#### [Saved entries]
=====
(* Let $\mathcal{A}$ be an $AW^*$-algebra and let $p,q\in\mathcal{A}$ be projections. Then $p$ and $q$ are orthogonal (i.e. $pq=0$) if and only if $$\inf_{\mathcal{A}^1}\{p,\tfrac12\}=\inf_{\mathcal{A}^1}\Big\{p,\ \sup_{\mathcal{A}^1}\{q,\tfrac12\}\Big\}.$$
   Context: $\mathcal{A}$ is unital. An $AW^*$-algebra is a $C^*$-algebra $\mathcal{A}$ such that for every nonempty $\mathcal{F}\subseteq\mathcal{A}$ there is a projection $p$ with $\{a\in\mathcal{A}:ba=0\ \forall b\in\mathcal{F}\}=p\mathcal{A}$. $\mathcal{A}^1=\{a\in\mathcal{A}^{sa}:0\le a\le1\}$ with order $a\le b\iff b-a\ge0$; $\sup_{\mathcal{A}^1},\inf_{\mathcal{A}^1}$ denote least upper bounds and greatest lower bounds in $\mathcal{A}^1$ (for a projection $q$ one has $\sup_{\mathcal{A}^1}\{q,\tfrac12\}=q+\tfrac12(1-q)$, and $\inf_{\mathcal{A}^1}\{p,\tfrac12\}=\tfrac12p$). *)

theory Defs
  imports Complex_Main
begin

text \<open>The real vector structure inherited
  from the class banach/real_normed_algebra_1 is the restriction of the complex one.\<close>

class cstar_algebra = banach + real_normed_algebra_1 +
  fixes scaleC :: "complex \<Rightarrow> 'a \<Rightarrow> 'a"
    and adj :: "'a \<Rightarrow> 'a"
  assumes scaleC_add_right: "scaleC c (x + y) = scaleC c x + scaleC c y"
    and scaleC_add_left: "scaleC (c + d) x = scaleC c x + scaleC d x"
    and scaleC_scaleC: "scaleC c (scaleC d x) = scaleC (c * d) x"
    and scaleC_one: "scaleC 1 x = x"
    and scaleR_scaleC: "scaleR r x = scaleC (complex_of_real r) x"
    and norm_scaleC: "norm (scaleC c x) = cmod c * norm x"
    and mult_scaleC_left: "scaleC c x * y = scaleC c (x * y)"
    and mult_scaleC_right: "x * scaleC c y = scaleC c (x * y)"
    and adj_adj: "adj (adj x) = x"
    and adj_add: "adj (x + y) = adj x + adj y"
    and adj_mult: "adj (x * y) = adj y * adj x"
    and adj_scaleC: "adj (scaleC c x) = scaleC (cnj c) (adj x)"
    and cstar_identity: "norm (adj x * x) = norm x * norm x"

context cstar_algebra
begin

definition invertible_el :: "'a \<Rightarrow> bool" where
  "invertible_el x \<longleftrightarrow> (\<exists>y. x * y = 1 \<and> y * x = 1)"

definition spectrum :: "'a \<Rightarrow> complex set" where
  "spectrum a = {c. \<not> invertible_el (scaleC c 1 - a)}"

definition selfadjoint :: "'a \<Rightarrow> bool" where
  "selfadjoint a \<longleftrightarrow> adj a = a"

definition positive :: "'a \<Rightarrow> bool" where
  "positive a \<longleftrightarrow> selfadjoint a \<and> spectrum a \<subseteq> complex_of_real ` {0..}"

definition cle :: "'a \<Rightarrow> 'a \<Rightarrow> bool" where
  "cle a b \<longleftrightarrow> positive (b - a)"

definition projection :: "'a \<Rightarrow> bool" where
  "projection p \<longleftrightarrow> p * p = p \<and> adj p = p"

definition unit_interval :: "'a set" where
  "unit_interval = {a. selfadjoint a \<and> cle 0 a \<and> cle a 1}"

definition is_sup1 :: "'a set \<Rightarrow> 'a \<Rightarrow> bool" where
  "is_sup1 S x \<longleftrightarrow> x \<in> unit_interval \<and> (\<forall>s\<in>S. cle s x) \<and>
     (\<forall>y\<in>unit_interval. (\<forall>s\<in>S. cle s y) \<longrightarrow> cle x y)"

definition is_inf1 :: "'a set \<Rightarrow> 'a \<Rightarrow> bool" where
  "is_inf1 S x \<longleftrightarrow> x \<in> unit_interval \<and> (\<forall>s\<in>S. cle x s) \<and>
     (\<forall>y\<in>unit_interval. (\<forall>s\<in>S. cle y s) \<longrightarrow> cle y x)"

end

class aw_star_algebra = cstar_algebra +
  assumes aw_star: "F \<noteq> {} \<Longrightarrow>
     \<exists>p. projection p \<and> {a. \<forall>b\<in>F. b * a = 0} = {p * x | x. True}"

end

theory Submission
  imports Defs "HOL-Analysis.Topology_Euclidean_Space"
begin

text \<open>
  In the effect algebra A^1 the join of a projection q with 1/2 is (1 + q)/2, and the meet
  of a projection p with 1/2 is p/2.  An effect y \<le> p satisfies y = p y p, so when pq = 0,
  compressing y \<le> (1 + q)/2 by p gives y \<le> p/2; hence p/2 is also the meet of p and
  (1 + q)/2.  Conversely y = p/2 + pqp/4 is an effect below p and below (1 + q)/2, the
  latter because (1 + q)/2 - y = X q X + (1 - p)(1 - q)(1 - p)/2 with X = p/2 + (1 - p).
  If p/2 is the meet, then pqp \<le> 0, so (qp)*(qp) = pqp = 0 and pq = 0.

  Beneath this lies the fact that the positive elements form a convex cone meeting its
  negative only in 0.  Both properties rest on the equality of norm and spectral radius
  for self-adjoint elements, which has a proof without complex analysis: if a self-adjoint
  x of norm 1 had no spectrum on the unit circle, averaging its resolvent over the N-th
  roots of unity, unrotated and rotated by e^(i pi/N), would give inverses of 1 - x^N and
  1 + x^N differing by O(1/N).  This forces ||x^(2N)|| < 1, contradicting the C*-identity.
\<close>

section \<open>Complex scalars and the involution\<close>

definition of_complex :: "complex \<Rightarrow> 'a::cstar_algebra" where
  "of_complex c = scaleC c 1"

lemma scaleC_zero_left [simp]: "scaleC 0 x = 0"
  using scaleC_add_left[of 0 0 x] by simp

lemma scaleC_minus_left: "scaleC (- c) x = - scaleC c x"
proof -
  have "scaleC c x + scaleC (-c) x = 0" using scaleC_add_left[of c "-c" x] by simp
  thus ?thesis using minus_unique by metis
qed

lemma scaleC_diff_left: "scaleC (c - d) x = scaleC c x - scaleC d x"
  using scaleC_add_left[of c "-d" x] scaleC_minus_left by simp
=====
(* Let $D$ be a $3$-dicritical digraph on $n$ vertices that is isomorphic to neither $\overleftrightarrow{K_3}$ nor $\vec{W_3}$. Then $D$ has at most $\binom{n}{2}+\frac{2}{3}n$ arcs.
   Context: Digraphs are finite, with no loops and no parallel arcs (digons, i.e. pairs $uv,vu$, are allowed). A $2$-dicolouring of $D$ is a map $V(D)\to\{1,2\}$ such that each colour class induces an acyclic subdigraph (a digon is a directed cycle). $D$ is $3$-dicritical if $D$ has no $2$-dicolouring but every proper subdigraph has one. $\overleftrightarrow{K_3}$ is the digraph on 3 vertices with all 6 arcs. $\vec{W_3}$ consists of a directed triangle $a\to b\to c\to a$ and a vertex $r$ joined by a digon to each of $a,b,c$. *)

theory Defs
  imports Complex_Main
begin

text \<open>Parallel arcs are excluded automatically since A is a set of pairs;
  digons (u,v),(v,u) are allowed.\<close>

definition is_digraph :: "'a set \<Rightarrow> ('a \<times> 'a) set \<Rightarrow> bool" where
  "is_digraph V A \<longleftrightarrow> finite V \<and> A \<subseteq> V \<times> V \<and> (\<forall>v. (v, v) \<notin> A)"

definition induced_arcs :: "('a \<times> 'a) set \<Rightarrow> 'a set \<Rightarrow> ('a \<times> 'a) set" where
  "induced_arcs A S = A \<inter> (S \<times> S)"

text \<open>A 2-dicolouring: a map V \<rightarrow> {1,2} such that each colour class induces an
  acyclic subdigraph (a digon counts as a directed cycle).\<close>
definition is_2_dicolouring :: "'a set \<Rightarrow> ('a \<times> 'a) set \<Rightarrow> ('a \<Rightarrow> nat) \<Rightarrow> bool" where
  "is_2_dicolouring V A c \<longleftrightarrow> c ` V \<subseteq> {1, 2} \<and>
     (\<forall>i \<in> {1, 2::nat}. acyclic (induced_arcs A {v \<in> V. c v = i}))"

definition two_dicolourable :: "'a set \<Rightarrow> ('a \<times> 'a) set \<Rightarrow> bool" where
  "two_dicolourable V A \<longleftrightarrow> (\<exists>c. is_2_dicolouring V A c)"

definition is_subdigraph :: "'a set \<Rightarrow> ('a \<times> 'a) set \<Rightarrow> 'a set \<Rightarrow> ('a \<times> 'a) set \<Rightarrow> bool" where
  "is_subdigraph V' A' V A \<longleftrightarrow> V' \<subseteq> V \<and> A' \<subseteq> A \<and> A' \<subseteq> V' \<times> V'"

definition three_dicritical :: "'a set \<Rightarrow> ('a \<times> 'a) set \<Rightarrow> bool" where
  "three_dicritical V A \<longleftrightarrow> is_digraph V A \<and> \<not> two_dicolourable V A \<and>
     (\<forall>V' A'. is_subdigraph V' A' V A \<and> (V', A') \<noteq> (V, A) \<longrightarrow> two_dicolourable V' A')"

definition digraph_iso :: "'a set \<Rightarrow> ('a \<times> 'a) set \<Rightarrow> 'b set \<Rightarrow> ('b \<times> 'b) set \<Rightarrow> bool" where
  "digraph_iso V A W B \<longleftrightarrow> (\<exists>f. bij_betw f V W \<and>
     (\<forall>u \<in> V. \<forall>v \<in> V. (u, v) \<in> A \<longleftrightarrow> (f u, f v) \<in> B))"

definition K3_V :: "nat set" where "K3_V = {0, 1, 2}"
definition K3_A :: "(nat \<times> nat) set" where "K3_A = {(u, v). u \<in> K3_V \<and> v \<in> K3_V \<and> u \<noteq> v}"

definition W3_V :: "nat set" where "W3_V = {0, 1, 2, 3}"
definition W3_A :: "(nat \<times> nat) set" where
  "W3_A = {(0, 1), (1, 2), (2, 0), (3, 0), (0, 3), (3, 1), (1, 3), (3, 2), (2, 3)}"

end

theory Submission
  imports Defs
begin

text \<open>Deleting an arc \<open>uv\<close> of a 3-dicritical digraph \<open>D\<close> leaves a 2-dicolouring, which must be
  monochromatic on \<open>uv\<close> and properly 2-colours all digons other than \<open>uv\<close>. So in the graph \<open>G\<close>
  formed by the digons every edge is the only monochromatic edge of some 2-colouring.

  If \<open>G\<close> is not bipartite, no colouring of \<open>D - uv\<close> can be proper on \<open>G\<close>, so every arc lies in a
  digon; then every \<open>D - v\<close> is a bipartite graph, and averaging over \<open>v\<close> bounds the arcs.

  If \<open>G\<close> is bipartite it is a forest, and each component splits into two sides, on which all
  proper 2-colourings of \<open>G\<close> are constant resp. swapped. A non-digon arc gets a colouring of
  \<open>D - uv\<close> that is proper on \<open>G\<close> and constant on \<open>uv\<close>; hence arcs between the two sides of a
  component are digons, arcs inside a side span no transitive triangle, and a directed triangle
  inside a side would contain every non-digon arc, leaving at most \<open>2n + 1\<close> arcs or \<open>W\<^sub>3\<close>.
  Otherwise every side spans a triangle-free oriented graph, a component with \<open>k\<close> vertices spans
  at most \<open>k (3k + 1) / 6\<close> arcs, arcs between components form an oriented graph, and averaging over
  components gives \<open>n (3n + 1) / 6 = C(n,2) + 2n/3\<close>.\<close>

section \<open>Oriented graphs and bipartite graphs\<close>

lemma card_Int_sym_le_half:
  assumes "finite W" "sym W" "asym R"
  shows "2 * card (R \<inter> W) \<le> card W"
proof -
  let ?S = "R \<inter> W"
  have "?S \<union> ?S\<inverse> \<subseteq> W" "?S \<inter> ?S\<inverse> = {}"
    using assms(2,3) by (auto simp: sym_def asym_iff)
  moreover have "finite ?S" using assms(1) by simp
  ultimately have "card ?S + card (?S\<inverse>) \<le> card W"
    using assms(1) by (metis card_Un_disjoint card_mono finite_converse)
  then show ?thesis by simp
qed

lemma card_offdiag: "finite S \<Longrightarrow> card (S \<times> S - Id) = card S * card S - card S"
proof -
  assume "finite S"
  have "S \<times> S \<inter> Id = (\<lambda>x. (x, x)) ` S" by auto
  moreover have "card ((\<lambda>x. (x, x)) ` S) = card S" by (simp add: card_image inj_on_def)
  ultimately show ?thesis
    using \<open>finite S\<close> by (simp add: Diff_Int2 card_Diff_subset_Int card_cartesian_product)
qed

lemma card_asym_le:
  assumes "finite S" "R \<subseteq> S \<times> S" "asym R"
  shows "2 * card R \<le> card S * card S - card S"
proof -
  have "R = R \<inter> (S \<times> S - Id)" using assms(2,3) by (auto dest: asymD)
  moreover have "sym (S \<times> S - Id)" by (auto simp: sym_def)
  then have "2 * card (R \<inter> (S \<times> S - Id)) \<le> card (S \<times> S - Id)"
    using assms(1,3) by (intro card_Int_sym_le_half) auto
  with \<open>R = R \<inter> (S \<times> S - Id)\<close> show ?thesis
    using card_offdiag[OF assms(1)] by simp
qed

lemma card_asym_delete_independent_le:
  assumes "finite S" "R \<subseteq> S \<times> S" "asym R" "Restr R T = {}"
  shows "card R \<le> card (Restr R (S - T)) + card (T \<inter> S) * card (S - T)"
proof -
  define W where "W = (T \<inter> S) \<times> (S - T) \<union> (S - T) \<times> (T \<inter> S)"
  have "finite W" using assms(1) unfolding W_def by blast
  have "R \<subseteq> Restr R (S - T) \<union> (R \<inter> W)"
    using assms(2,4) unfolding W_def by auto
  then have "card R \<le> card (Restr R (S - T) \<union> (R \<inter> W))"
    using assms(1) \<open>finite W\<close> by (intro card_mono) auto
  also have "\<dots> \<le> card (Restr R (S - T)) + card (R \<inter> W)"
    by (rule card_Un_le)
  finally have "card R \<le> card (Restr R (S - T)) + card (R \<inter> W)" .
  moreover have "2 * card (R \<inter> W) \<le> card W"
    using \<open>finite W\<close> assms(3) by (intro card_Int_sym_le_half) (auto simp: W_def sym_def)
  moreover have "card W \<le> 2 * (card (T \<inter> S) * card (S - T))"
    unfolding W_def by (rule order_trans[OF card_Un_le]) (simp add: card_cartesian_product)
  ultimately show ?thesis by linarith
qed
=====
#### [What you need to do]
Tell how many lines of the data above contain the word "Defs", giving the number by itself.

#### [Exercise response]
4